TPH Analysis

The term TPH (Total Petroleum Hydrocarbons) is a confusing one, and often misunderstood by the non conversant as being a fixed definition of a petroleum product that can be measured absolutely , and hence be directly compared with other TPH values. Unfortunately this is not the case.

In short analysis of the total petroleum hydrocarbon (TPH) content of soil and water samples is complex and confusing. This web page will attempt to explain some of this subject, help clarify the use of ‘TPH’ as an analytical quantity and direct you to sources of further information.

Definition of TPH

A quick Internet search will yield numerous definitions of TPH some of which can be seen below.

Total petroleum hydrocarbon is the measure of the concentration or mass of petroleum hydrocarbon constituents present in a given amount of soil or water. The word "total" is a misnomer--few, if any, of the procedures for quantifying hydrocarbons can measure all of them in a given sample.

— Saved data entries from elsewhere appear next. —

lemma compact_unit_sphere: "compact (unit_sphere n)"
  unfolding unit_sphere_def
proof (rule compact_Int_closed)
  have "compactin (product_topology (\<lambda>i. euclidean) UNIV)
          (PiE UNIV (\<lambda>i::nat. if i < n then {-1..1} else {0::real}))"
    by (subst compactin_PiE) auto
  then show "compact (PiE UNIV (\<lambda>i::nat. if i < n then {-1..1} else {0::real}))"
    by (simp add: euclidean_product_topology)
  show "closed {f. sqnorm n f = 1}"
    unfolding sqnorm_def
    by (rule closed_Collect_eq) (intro continuous_intros continuous_on_coordinate)+
qed

(* Some unit vector minimises the Rayleigh quotient; by homogeneity this gives a
   lower bound valid for all vectors. *)
lemma qform_min_on_unit_sphere:
  assumes n: "n > 0"
  shows "\<exists>f. sqnorm n f = 1 \<and> (\<forall>z. qform n M f * sqnorm n z \<le> qform n M z)"
proof -
  have "sqnorm n (\<lambda>i. if i = 0 then 1 else 0) = (\<Sum>i<n. if i = 0 then 1 else 0)"
    unfolding sqnorm_def by (rule sum.cong) auto
  then have e0: "(\<lambda>i. if i = 0 then 1 else 0::real) \<in> unit_sphere n"
    using n by (auto simp: unit_sphere_def PiE_iff)
  have "continuous_on (unit_sphere n) (qform n M)"
    unfolding qform_def
    by (intro continuous_intros continuous_on_coordinate)
  then obtain f where fS: "f \<in> unit_sphere n"
    and fmin: "\<And>y. y \<in> unit_sphere n \<Longrightarrow> qform n M f \<le> qform n M y"
    using continuous_attains_inf[OF compact_unit_sphere] e0 by blast
  have "qform n M f * sqnorm n z \<le> qform n M z" for z
  proof (cases "sqnorm n z = 0")
    case True
    then have "\<forall>i<n. z i = 0" by (simp add: sqnorm_def sum_nonneg_eq_0_iff)
    then show ?thesis using True by (simp add: qform_def)
  next
    case False
    define r where "r = sqrt (sqnorm n z)"
    have r: "r\<^sup>2 > 0" "r\<^sup>2 = sqnorm n z"
      using False sqnorm_nonneg[of n z] by (auto simp: r_def)
    define y where "y i = (if i < n then z i / r else 0)" for i
    have y_eq: "qform n M y = qform n M (\<lambda>i. (1 / r) * z i)"
      "sqnorm n y = sqnorm n (\<lambda>i. (1 / r) * z i)"
      by (simp_all add: qform_def sqnorm_def y_def)
    have y_norm: "sqnorm n y = 1"
      unfolding y_eq(2) sqnorm_scale using r False by (simp add: power_divide)
    have y_bound: "\<bar>y i\<bar> \<le> 1" for i
    proof -
      have "(y i)\<^sup>2 \<le> sqnorm n y"
        unfolding sqnorm_def by (cases "i < n") (auto simp: y_def intro: member_le_sum sum_nonneg)
      then show ?thesis using y_norm by (simp add: abs_square_le_1)
    qed
    have "y i \<in> (if i < n then {-1..1} else {0})" for i
      using y_bound[of i] by (auto simp: y_def abs_le_iff)
    then have "y \<in> unit_sphere n"
      using y_norm by (auto simp: unit_sphere_def PiE_iff)
    then have "qform n M f \<le> qform n M z / r\<^sup>2"
      using fmin[of y] unfolding y_eq(1) qform_scale by (simp add: power_divide)
    then show ?thesis using r by (simp add: le_divide_eq mult.commute)
  qed
  moreover have "sqnorm n f = 1" using fS by (simp add: unit_sphere_def)
  ultimately show ?thesis by blast
qed

lemma quadratic_nonneg_linear_coeff:
  fixes a b :: real
  assumes "\<And>t. 0 \<le> 2 * t * a + t\<^sup>2 * b"
  shows "a = 0"
proof (rule ccontr)
  assume a: "a \<noteq> 0"
  define c where "c = \<bar>b\<bar> + 1"
  have c: "c > 0" by (simp add: c_def)
  have "0 \<le> (2 * (-a / c) * a + (-a / c)\<^sup>2 * b) * c\<^sup>2"
    using assms[of "-a / c"] by simp
  also have "\<dots> = a\<^sup>2 * (b - 2 * c)"
    using c by (simp add: field_simps power2_eq_square)
  finally have "0 \<le> b - 2 * c" using a by (simp add: zero_le_mult_iff)
  then show False by (simp add: c_def)
qed

(* If a positive semidefinite symmetric form vanishes at f, then M f = 0: otherwise
   moving from f in the direction M f would make the form negative. *)
lemma psd_qform_zero_kernel:
  fixes M :: "nat \<Rightarrow> nat \<Rightarrow> real"
  assumes sym: "\<And>i j. i < n \<Longrightarrow> j < n \<Longrightarrow> M i j = M j i"
    and psd: "\<And>z. 0 \<le> qform n M z"
    and zero: "qform n M f = 0"
    and i: "i < n"
  shows "(\<Sum>j<n. M i j * f j) = 0"
proof -
  define r where "r i = (\<Sum>j<n. M i j * f j)" for i
  have cross: "(\<Sum>i<n. \<Sum>j<n. f i * M i j * r j) = (\<Sum>i<n. (r i)\<^sup>2)"
    by (subst sum.swap)
      (auto simp: r_def power2_eq_square sum_distrib_left sum_distrib_right sym ac_simps
        intro!: sum.cong)
  have expand: "qform n M (\<lambda>i. f i + t * r i)
      = qform n M f + 2 * t * (\<Sum>i<n. (r i)\<^sup>2) + t\<^sup>2 * qform n M r" for t
  proof -
    have "qform n M (\<lambda>i. f i + t * r i) = qform n M f
        + t * (\<Sum>i<n. \<Sum>j<n. f i * M i j * r j) + t * (\<Sum>i<n. \<Sum>j<n. r i * M i j * f j)
        + t\<^sup>2 * qform n M r"
      by (simp add: qform_def algebra_simps power2_eq_square sum.distrib sum_distrib_left)
    also have "(\<Sum>i<n. \<Sum>j<n. r i * M i j * f j) = (\<Sum>i<n. \<Sum>j<n. f i * M i j * r j)"
      by (subst sum.swap) (auto simp: sym ac_simps intro!: sum.cong)
    finally show ?thesis by (simp add: cross)
  qed
  have "(\<Sum>i<n. (r i)\<^sup>2) = 0"
    by (rule quadratic_nonneg_linear_coeff[where b = "qform n M r"])
      (use psd[of "\<lambda>i. f i + _ * r i"] in \<open>simp add: expand zero\<close>)
  then show ?thesis using i by (simp add: r_def sum_nonneg_eq_0_iff)
qed

(* Rayleigh: the minimum \<mu> of x^T Q x on the unit sphere is an eigenvalue of a
   symmetric Q, since Q - \<mu> I is positive semidefinite and vanishes at the minimiser. *)
lemma rayleigh_eigenvalue:
  fixes Q :: "real mat"
  assumes Q: "Q \<in> carrier_mat n n" and sym: "transpose_mat Q = Q" and n: "n > 0"
  shows "\<exists>\<mu>. eigenvalue Q \<mu> \<and> (\<forall>x\<in>carrier_vec n. \<mu> * (x \<bullet> x) \<le> x \<bullet> (Q *\<^sub>v x))"
proof -
  define q where "q i j = Q $$ (i, j)" for i j
  obtain f where f1: "sqnorm n f = 1" and fmin: "\<And>z. qform n q f * sqnorm n z \<le> qform n q z"
    using qform_min_on_unit_sphere[OF n] by blast
  define \<mu> where "\<mu> = qform n q f"
  define M where "M i j = q i j - (if i = j then \<mu> else 0)" for i j
  have qform_M: "qform n M z = qform n q z - \<mu> * sqnorm n z" for z
  proof -
    have "qform n M z = (\<Sum>i<n. \<Sum>j<n. z i * q i j * z j - (if i = j then \<mu> * (z i)\<^sup>2 else 0))"
      unfolding qform_def M_def by (intro sum.cong) (auto simp: algebra_simps power2_eq_square)
    then show ?thesis
      by (simp add: qform_def sqnorm_def sum_subtractf sum_distrib_left)
  qed
  have q_sym: "q i j = q j i" if "i < n" "j < n" for i j
    using that Q arg_cong[OF sym, of "\<lambda>A. A $$ (i, j)"] by (simp add: q_def)
  have M_sym: "M i j = M j i" if "i < n" "j < n" for i j
    using q_sym[OF that] by (simp add: M_def)
  have M_psd: "0 \<le> qform n M z" for z
    using fmin[of z] by (simp add: qform_M \<mu>_def)
  have M_f: "qform n M f = 0"
    by (simp add: qform_M \<mu>_def f1)
  have ker: "(\<Sum>j<n. M i j * f j) = 0" if "i < n" for i
    using psd_qform_zero_kernel[of n M] M_sym M_psd M_f that by blast
  have "eigenvector Q (vec n f) \<mu>"
  proof -
    have "Q *\<^sub>v vec n f = \<mu> \<cdot>\<^sub>v vec n f"
    proof (rule eq_vecI)
      fix i assume "i < dim_vec (\<mu> \<cdot>\<^sub>v vec n f)"
      then have i: "i < n" by simp
      have "(\<Sum>j<n. M i j * f j) = (\<Sum>j<n. q i j * f j - (if i = j then \<mu> * f j else 0))"
        by (intro sum.cong) (auto simp: M_def algebra_simps)
      also have "\<dots> = (\<Sum>j<n. q i j * f j) - \<mu> * f i"
        using i by (simp add: sum_subtractf sum.delta)
      finally have "(\<Sum>j<n. q i j * f j) = \<mu> * f i" using ker[OF i] by simp
      then show "(Q *\<^sub>v vec n f) $ i = (\<mu> \<cdot>\<^sub>v vec n f) $ i"
        using Q i by (simp add: q_def scalar_prod_def lessThan_atLeast0 ac_simps)
    qed (use Q in simp)
    moreover have "vec n f \<noteq> 0\<^sub>v n"
    proof
      assume "vec n f = 0\<^sub>v n"
      then have "\<forall>i<n. f i = 0" by (metis index_vec index_zero_vec(1))
      then show False using f1 by (simp add: sqnorm_def)
    qed
    ultimately show ?thesis using Q by (auto simp: eigenvector_def)
  qed
  moreover have "\<mu> * (x \<bullet> x) \<le> x \<bullet> (Q *\<^sub>v x)" if "x \<in> carrier_vec n" for x
    using fmin[of "\<lambda>i. x $ i"] that Q
    unfolding \<mu>_def q_def
    by (simp add: scalar_prod_mult_mat_vec_qform scalar_prod_self_sqnorm mult.commute)
  ultimately show ?thesis unfolding eigenvalue_def by blast
qed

Volatile ones are usually lost in the process and not quantified and non-petroleum hydrocarbons sometimes appear in the analysis. (http://www.caslab.com/Total_Petroleum_Hydrocarbons_TPH_Meaning/ )

Total Petroleum Hydrocarbons (TPH) is a term used to describe a broad family of several hundred chemical compounds that originally come from crude oil. (Toxicological Profile for Total Petroleum Hydrocarbons (TPH) (http://www.atsdr.cdc.gov/toxprofiles/tp123.pdf)

TPH is defined as the measurable amount of petroleum-based hydrocarbon in an environmental media. It is, thus, dependent on analysis of the medium in which it is found (Gustafson 1997).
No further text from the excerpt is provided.